Прошло полгода — Толстой не откликнулся. Роллан написал ему вторично. Надеялся ли он на ответ? Вероятно, не очень. В лучшем случае он мог рассчитывать на несколько доброжелательных строк: его и это бы обрадовало.

Наконец ответ пришел, и какой! Двадцать восемь страниц, написанных по-французски от руки. Уже форма обращения была такая, что от нее могло замереть сердце: «Дорогой брат!» Роллану навсегда запомнился вечер — в пятницу, 21 октября 1887 года, — когда он вместе с Сюаресом, спеша и волнуясь, читал эти страницы, исписанные крупными косыми буквами:

«Ручной труд в нашем развращенном обществе (в обществе так называемых образованных людей) является обязательным для нас единственно потому, что главный недостаток этого общества состоял и до сих пор состоит в освобождении себя от этого труда и в пользовании, без всякой взаимности, трудом бедных, невежественных, несчастных классов, являющихся рабами, подобными рабам древнего мира…»
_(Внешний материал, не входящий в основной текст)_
(* Let $q\in\mathbb{C}$, $|q|<1$, $\mathbf{s}=(s_1,\dots,s_d)\in\mathbb{N}^d$, $w=|\mathbf{s}|$. Define the power series $F_{\mathrm{I}}(t)=\mathbf{R}^{s_1-1}\mathbf{P}[\mathbf{y}\,\mathbf{R}^{s_2-1}\mathbf{P}[\mathbf{y}\cdots\mathbf{R}^{s_d-1}\mathbf{P}[\mathbf{y}]\cdots]](t)$, $F_{\mathrm{II}}(t)=\mathbf{R}^{s_1}[\mathbf{y}\,\mathbf{R}^{s_2}[\mathbf{y}\cdots\mathbf{R}^{s_d}[\mathbf{y}]\cdots]](t)$, $F_{\mathrm{III}}(t)=\mathbf{P}^{s_1-1}\mathbf{R}[\mathbf{y}\,\mathbf{P}^{s_2}[\mathbf{y}\cdots\mathbf{P}^{s_d}[\mathbf{y}]\cdots]](t)$, $F_{\mathrm{IV}}(t)=\mathbf{R}^{s_1-1}\mathbf{P}[\mathbf{y}\,\mathbf{R}^{s_2}[\mathbf{y}\cdots\mathbf{R}^{s_d}[\mathbf{y}]\cdots]](t)$. Then $\mathfrak{z}_q^{\mathfrak{t}}[\mathbf{s}]=F_{\mathfrak{t}}(1)$ and $\zeta_q^{\mathfrak{t}}[\mathbf{s}]=(1-q)^wF_{\mathfrak{t}}(1)$ for $\mathfrak{t}=\mathrm{II},\mathrm{III}$, and also for $\mathfrak{t}=\mathrm{I},\mathrm{IV}$ when $s_1\ge2$. Moreover, the analogous statements hold for the regularized values of types $\widetilde{\mathrm{I}}$ and $\widetilde{\mathrm{IV}}$: in $F_{\mathrm{I}}$ one may replace any of the operator blocks $\mathbf{R}^{s_j-1}\mathbf{P}$ by a single $\mathbf{R}$, and in $F_{\mathrm{IV}}$ one may replace the block $\mathbf{R}^{s_1-1}\mathbf{P}$ by a single $\mathbf{R}$; the value at $t=1$ then equals $\mathfrak{z}_q^{\mathbf{t}}[\mathbf{s}']$ where at each replaced position $j$ the entry becomes $(t_j,s'_j)=(1,1)$ and the other entries $(t_j,s'_j)$ are as for type I (resp. IV).
   Context: $\mathfrak{z}_q^{\mathbf{t}}[\mathbf{s}]=\sum_{k_1>\dots>k_d>0}\prod_j\frac{q^{k_jt_j}}{(1-q^{k_j})^{s_j}}$, $\zeta_q^{\mathbf{t}}[\mathbf{s}]=(1-q)^{|\mathbf{s}|}\mathfrak{z}_q^{\mathbf{t}}[\mathbf{s}]$. Types: $\mathfrak{z}_q^{\mathrm{I}}[\mathbf{s}]=\mathfrak{z}_q^{(s_1-1,\dots,s_d-1)}[\mathbf{s}]$, $\mathfrak{z}_q^{\mathrm{II}}[\mathbf{s}]=\mathfrak{z}_q^{(s_1,\dots,s_d)}[\mathbf{s}]$, $\mathfrak{z}_q^{\mathrm{III}}[\mathbf{s}]=\mathfrak{z}_q^{(1,0,\dots,0)}[\mathbf{s}]$, $\mathfrak{z}_q^{\mathrm{IV}}[\mathbf{s}]=\mathfrak{z}_q^{(s_1-1,s_2,\dots,s_d)}[\mathbf{s}]$, similarly for $\zeta_q$. Operators on power series in $t$ without constant term: $\mathbf{P}[f](t)=\sum_{k\ge0}f(q^kt)$, $\mathbf{R}[f](t)=\sum_{k\ge1}f(q^kt)$, powers are compositions; $\mathbf{y}$ is multiplication by $\mathbf{y}(t)=t/(1-t)$ (innermost: the function itself). *)

theory Defs
  imports "HOL-Analysis.Analysis"
begin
«Ручной труд есть обязанность и счастье для всех; умственная деятельность есть деятельность исключительная, которая становится обязанностью и счастьем только для тех, Кто имеет соответственное призвание. Призвание может быть указано и доказано только тогда, когда ученый или художник жертвует своим спокойствием и своим благосостоянием, чтобы следовать своему призванию…»

«Ложная роль, которую играют в нашем обществе науки и искусства, происходит оттого, что так называемые образованные люди, во главе с учеными и художниками, составляют привилегированную касту, подобно священникам… Недостаток касты в том, что она давит на массы и, сверх того, лишает их того самого, что предполагалось распространить между ними…»[2]

Все эти мысли были для Роллана необычайно новыми и важными. И вместе с тем они были близки строю его собственных мыслей. Особенно его обрадовало толстовское определение: «добро и красота для человечества есть то, что соединяет людей». Не то же ли самое утверждал его любимый философ Спиноза, когда писал: «что заставляет людей жить согласно, то полезно»?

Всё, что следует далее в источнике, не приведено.